I’d like to correct what I see as a misconception. Trump supporters are not necessarily conservative (certainly not in the traditional sense).
Many are conservative by the definition I learned in high school: A conservative is someone who wishes to either maintain the status quo or return to a period of time in the past.
Alternatively a conservative is someone who wishes to keep what is good and works and change what is not good and/or not working.
That is a description of rational behavior not political ideology.
Not to mention that it is not how conservatism actually works on practice. "What is good" has always been very contextual, and what is good for one person may be not good and/or not working for most other people.

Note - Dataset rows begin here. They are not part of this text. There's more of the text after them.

lemma separated_attached:
  assumes SZ: "S \<subseteq> Z" and ZV: "Z \<subseteq> verts G"
    and U: "separated (induced (contract G S) (Z - S)) U"
  shows "separated (induced G Z) (attached G S U)"
  unfolding separated_def
proof (intro conjI ballI notI)
  have UZ: "U \<subseteq> Z - S" using U by (simp add: separated_def)
  then show "attached G S U \<subseteq> verts (induced G Z)" using attached_subset[of G S U] SZ by auto
  fix x y assume x: "x \<in> attached G S U" and y: "y \<in> verts (induced G Z) - attached G S U"
    and "adj (induced G Z) x y"
  then have xy: "{x, y} \<in> edges G" "y \<in> Z" by (auto simp: adj_induced)
  obtain x0 where x0: "x0 \<in> U" "reach (induced G (insert x0 S)) x0 x"
    using x by (auto simp: attached_def)
  have "x \<in> insert x0 S" using reach_induced_mem[OF x0(2)] by blast
  show False
  proof (cases "y \<in> S")
    case True
    then have "adj (induced G (insert x0 S)) x y"
      using xy \<open>x \<in> insert x0 S\<close> by (simp add: adj_induced)
    then have "reach (induced G (insert x0 S)) x0 y" by (rule reach_step[OF x0(2)])
    then show False using x0(1) y by (auto simp: attached_def)
  next
    case False
    have "reach (induced G (S \<union> {x0, y})) x0 x" by (rule reach_induced_mono[OF x0(2)]) auto
    moreover have "adj (induced G (S \<union> {x0, y})) x y"
      using xy \<open>x \<in> insert x0 S\<close> by (auto simp: adj_induced)
    ultimately have reach: "reach (induced G (S \<union> {x0, y})) x0 y" by (rule reach_step)
    have "y \<notin> U" using y subset_attached[of U G S] by blast
    moreover have "Z - S \<subseteq> verts (contract G S)" using ZV by auto
    ultimately have "adj (induced (contract G S) (Z - S)) x0 y"
      using reach x0(1) UZ ZV False xy(2) by (auto simp: adj_induced_subset adj_contract)
    then show False using U x0(1) False xy(2) \<open>y \<notin> U\<close> by (auto simp: separated_def)
  qed
qed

And for conservatives, that’s part of the problem: Things ‘worked’ well for the people who really mattered: white men without significant disability. Women were great as long as they did what they were told and other people so long as they stayed in the shadows, silent, obedient, and quiet.
I know a fair number of conservatives (90% of my high school graduating class plus 90% of the county I grew up in) and very few are openly racist. Most do not consider themselves to be racist and will happily point out their friends, coworkers and fellow church goers who are not white or who were not necessarily born in the USA. A much smaller number are tolerant of anyone who is not heteronormative, if the topic comes up, which they’d much prefer it did not.
But they are very much nostalgia driven and genuinely do not see just how racist and sexist it was in our younger days and do not notice that none of our classmates who later came out as gay never show up at reunions, nor do the very very few classmates ( none in my graduating class) who's surnames were Spanish. Indeed, a few years ago, a firmer school mate several years older than me posted in the alumni FB page contradicting the extremely sanitized version of life in our town in the 60’s and 70’s. His post was extremely thoughtful, respectful and well written—and immediately decried by other members and taken down by admin. Only happy happy happy is allowed.
I know that I tend to over generalize my lived experience but I grew up in a small town surrounded by farmland and in that corner of the county, a large percentage of folks who were related to me one way or another. Most of that is gone, replaced by lots and lots of warehouses and fulfillment centers which have brought in a great number of minorities. My classmates who decry the changes mostly focus on the ugli-fication of our very plain Jane town don’t mention the threat of all the not white people living in the neighborhood. But it’s there, unspoken.
Change is hard for most people and among the hardest changes are those that come to people who struggled hard for what they have and fur all of their family before them who struggled before and who are now secure in their lot and are genuinely threatened by the change in order, or the change in the rules of the game as you will.
I don’t think it’s much different anywhere else. People living near the edge of poverty who only have what they do because of a lot of hard work on their part do not want to upset the world order that gave them a little piece of security. They don’t actually recognize that there were others living in the shadows, working even harder with fewer chances, whose only hope for survival was working hard and keeping quiet, at least in public.